Desde ya muchas gracias


----------



## pacosancas

Yo la veo excelente. Podrías también haber usado "en tensión" en lugar de "tensionado", y "anclado" en lugar de "sujeto", si quieres ser algo más literal; pero tu traducción es impecable en mi opinión.


----------



## Fantasmagórico

Un par de sugerencias:

  “El cable de la antena pasaba a través de la cubierta de la carlinga”
  “Ubicado en el vértice del estabilizador vertical”; o también:
  “Ubicado en el vértice del plano de deriva”

EDIT:     Ahora que lo pienso mejor, posiblemente mis sugerencias suenen demasiado “peninsulares”. Si la traducción es para Argentina, a lo mejor conviene conservar “cabina” y “punta” en vez de “carlinga” y “vértice”. Pero lo dejo a tu criterio.


----------



## Darkjero30

Muy buenas las sugerencias fantasmagorico y pacosancas, sirven para mejorar la traducción. 

Saludos
Jerónimo


----------



## coolbrowne

Fantasmagórico said:


> ...a lo mejor conviene conservar “cabina” y “punta” en vez de “carlinga” y “vértice”...


Pero no te olvides "*la cubierta de*" sea carlinga o cabina ¿Verdad?


----------



## Fantasmagórico

Sí, claro. La cubierta o la *cúpula* (otra opción más, para que elijas la que más te guste).


----------



## 0scar

La _carlinga/cabina_ es el_ cockpit_.


----------



## Fantasmagórico

0scar said:


> La _carlinga/cabina_ es el_ cockpit_.



   Muy cierto.
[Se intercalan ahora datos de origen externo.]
lemma translate_in_code:
  assumes w: "syndrome w = syndrome w0"
  shows "(\<lambda>x\<in>symbols. (w x - w0 x) mod P) \<in> code"
proof -
  let ?g = "\<lambda>x\<in>symbols. (w x - w0 x) mod P"
  have "?g \<in> words" unfolding words_def using P_gt_1 by auto
  moreover have "P dvd check_sum ?g y" if y: "y \<in> checks" for y
  proof -
    have "syndrome w y = syndrome w0 y" using w by simp
    then have "check_sum w y mod P = check_sum w0 y mod P"
      using y unfolding syndrome_def by simp
    then have "[check_sum (\<lambda>x. w x - w0 x) y = 0] (mod P)"
      unfolding check_sum_diff cong_0_iff by (simp only: mod_eq_dvd_iff)
    moreover have "[check_sum ?g y = check_sum (\<lambda>x. w x - w0 x) y] (mod P)"
      using y by (intro check_sum_mod_cong) (simp_all add: cong_def)
    ultimately show ?thesis using cong_trans cong_0_iff by blast
  qed
  ultimately show ?thesis unfolding code_def satisfies_checks_def by blast
qed

lemma card_syndrome_fibre_le: "card {w\<in>words. syndrome w = syndrome w0} \<le> card code"
proof (rule card_inj_on_le)
  let ?g = "\<lambda>w. \<lambda>x\<in>symbols. (w x - w0 x) mod P"
  show "inj_on ?g {w\<in>words. syndrome w = syndrome w0}"
  proof (rule inj_onI)
    fix w w' assume w: "w \<in> {w\<in>words. syndrome w = syndrome w0}" "w' \<in> {w\<in>words. syndrome w = syndrome w0}"
      and "?g w = ?g w'"
    show "w = w'"
    proof (rule PiE_ext)
      show "w \<in> PiE symbols (\<lambda>_. {0..<P})" "w' \<in> PiE symbols (\<lambda>_. {0..<P})"
        using w unfolding words_def by auto
      fix x assume x: "x \<in> symbols"
      have "?g w x = ?g w' x" using \<open>?g w = ?g w'\<close> by simp
      then have "(w x - w0 x) mod P = (w' x - w0 x) mod P" using x by simp
      then have "P dvd (w x - w0 x) - (w' x - w0 x)" by (simp only: mod_eq_dvd_iff)
      then have "P dvd w x - w' x" by simp
      then show "w x = w' x" using w x unfolding words_def by (intro eq_of_dvd_diff) auto
    qed
  qed
  show "?g ` {w\<in>words. syndrome w = syndrome w0} \<subseteq> code" using translate_in_code by blast
  show "finite code" using finite_words unfolding code_def by simp
qed

lemma card_words_le: "card words \<le> card code * card syndromes"
proof -
  have "words = (\<Union>v\<in>syndrome ` words. {w\<in>words. syndrome w = v})" by blast
  then have "card words \<le> (\<Sum>v\<in>syndrome ` words. card {w\<in>words. syndrome w = v})"
    using card_UN_le[of "syndrome ` words" "\<lambda>v. {w\<in>words. syndrome w = v}"] finite_words by simp
  also have "\<dots> \<le> (\<Sum>v\<in>syndrome ` words. card code)" using card_syndrome_fibre_le by (intro sum_mono) auto
  also have "\<dots> = card (syndrome ` words) * card code" by simp
  also have "\<dots> \<le> card syndromes * card code"
  proof -
    have "syndrome ` words \<subseteq> syndromes"
      unfolding syndrome_def syndromes_def using P_gt_1 by (auto simp: PiE_iff)
    moreover have "finite syndromes" unfolding syndromes_def by (simp add: finite_PiE)
    ultimately show ?thesis by (intro mult_right_mono card_mono) auto
  qed
  finally show ?thesis by (simp add: mult.commute)
qed

lemma card_code_ge: "p ^ (card layers * i * block) \<le> card code"
proof -
  have "card symbols = card checks + card layers * i * block"
    unfolding card_symbols card_checks red_add_i[symmetric] by (simp add: algebra_simps)
  moreover have "card words = p ^ card symbols" "card syndromes = p ^ card checks"
    unfolding words_def syndromes_def by (simp_all add: card_PiE)
  ultimately have "p ^ card checks * p ^ (card layers * i * block) \<le> p ^ card checks * card code"
    using card_words_le by (simp add: power_add mult.commute)
  then show ?thesis using prime_gt_0_nat[OF prime_p] by simp
qed

definition repair_index :: "nat \<Rightarrow> nat set \<Rightarrow> nat \<Rightarrow> (nat set \<times> nat \<times> (nat \<Rightarrow> nat)) set" where
  "repair_index j H h =
     Sigma {R\<in>layers. j \<in> R \<and> h \<in> R} (\<lambda>R. {c\<in>{..<copies}. h \<in> selected H R c} \<times> labels (R - {j}))"

lemma card_selecting_copies:
  assumes "j < n" "H \<subseteq> {..<n} - {j}" "card H = d" "R \<in> layers" "j \<in> R" "h \<in> R \<inter> H"
  shows "real (card {c\<in>{..<copies}. h \<in> selected H R c}) = real copies * real width / real (card (R \<inter> H))"
proof -
  define x where "x = card (R \<inter> H)"
  have "width \<le> x" unfolding x_def by (rule width_le_card_helpers[OF assms(1-5)])
  moreover have "x \<le> n" unfolding x_def using layer_subset[OF assms(4)] by (intro card_mono[of "{..<n}", simplified]) auto
  ultimately have "0 < x" "x dvd copies" using width_pos unfolding copies_def by (auto simp: dvd_fact)
  then obtain q where q: "copies = x * q" by blast
  have "{c\<in>{..<copies}. h \<in> selected H R c} = {c\<in>{..<x * q}. (to_nat_on (R \<inter> H) h + c) mod x < width}"
    using assms(6) unfolding selected_def x_def q by auto
  then have "card {c\<in>{..<copies}. h \<in> selected H R c} = q * width"
    using card_rotated_window_periods[OF \<open>0 < x\<close> \<open>width \<le> x\<close>] by simp
  then show ?thesis unfolding x_def[symmetric] using q \<open>0 < x\<close> by (simp add: field_simps)
qed

definition repair_weight :: "nat \<Rightarrow> nat set \<Rightarrow> nat set \<Rightarrow> real" where
  "repair_weight j H R = (if j \<in> R then 1 / real (card (R \<inter> H)) else 0)"

lemma card_repair_index_weights:
  assumes "j < n" "H \<subseteq> {..<n} - {j}" "card H = d" "h \<in> H"
  shows "real (card (repair_index j H h))
           = real copies * real width * real s ^ (r - 1) * (\<Sum>R\<in>{R\<in>layers. h \<in> R}. repair_weight j H R)"
proof -
  have "real (card (repair_index j H h))
      = (\<Sum>R\<in>{R\<in>layers. j \<in> R \<and> h \<in> R}. real (card {c\<in>{..<copies}. h \<in> selected H R c}) * real s ^ (r - 1))"
    unfolding repair_index_def using layer_finite layer_card
    by (subst card_SigmaI) (auto simp: card_cartesian_product card_labels)
  also have "\<dots> = (\<Sum>R\<in>{R\<in>layers. j \<in> R \<and> h \<in> R}.
      real copies * real width * real s ^ (r - 1) * (1 / real (card (R \<inter> H))))"
    using card_selecting_copies[OF assms(1-3)] assms(4) by (intro sum.cong refl) auto
  also have "\<dots> = real copies * real width * real s ^ (r - 1) * (\<Sum>R\<in>{R\<in>layers. h \<in> R}. repair_weight j H R)"
    unfolding repair_weight_def sum_distrib_left[symmetric]
    by (intro arg_cong[where f = "(*) _"] sum.mono_neutral_cong_left) auto
  finally show ?thesis .
qed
De este lado del río, también se usa el término inglés muchas veces.


----------



## 0scar

Lo que quiero decir que canopy es no es cabina ni carlinga, sino la cúpula, cubierta o como se llame.
Más arriba ya está dicho pero no está muy claro.


----------



## man2c

Hola a todos.

He llegado a este hilo buscando una traducción de canopy en arquitectura y he observado que hay un error de bulto en la traducción de "the vertical tail tip" que el iniciador ha traducido como "la punta del estabilizador vertical" y que nadie más ha corregido.

No hace falta saber mucho inglés y sí haber leído muchos tebeos de hazañas bélicas para saber que la antena de los Focke Wulff 190 iba desde la carlinga a la parte más alta del "timón de dirección", como es lógico. Además basta con ver cualquiera de las fotos que aparecen en internet.

Saludos


----------



## Darkjero30

man2c said:


> Hola a todos.
> 
> He llegado a este hilo buscando una traducción de canopy en arquitectura y he observado que hay un error de bulto en la traducción de &quot;the vertical tail tip&quot; que el iniciador ha traducido como &quot;la punta del estabilizador vertical&quot; y que nadie más ha corregido.
> 
> No hace falta saber mucho inglés y sí haber leído muchos tebeos de hazañas bélicas para saber que la antena de los Focke Wulff 190 iba desde la carlinga a la parte más alta del &quot;timón de dirección&quot;, como es lógico. Además basta con ver cualquiera de las fotos que aparecen en internet.
> 
> Saludos


 


El estabilizador vertical es todo el conjunto... el timón de dirección forma parte del estabilizador vertical. En el FW 190 y demás aviones de ls SGM el cable de la antena no se ubicaba sobre el timón sino sobre la parte más alta del estabilizador vertical... el timón de dirección es una superficie móvil... y el cable de la antena no debe interferir con su funcionamiento...


----------



## PACOALADROQUE

Podríamos decir que se fijaba en el vértice del "empenaje de cola".

Saludos


----------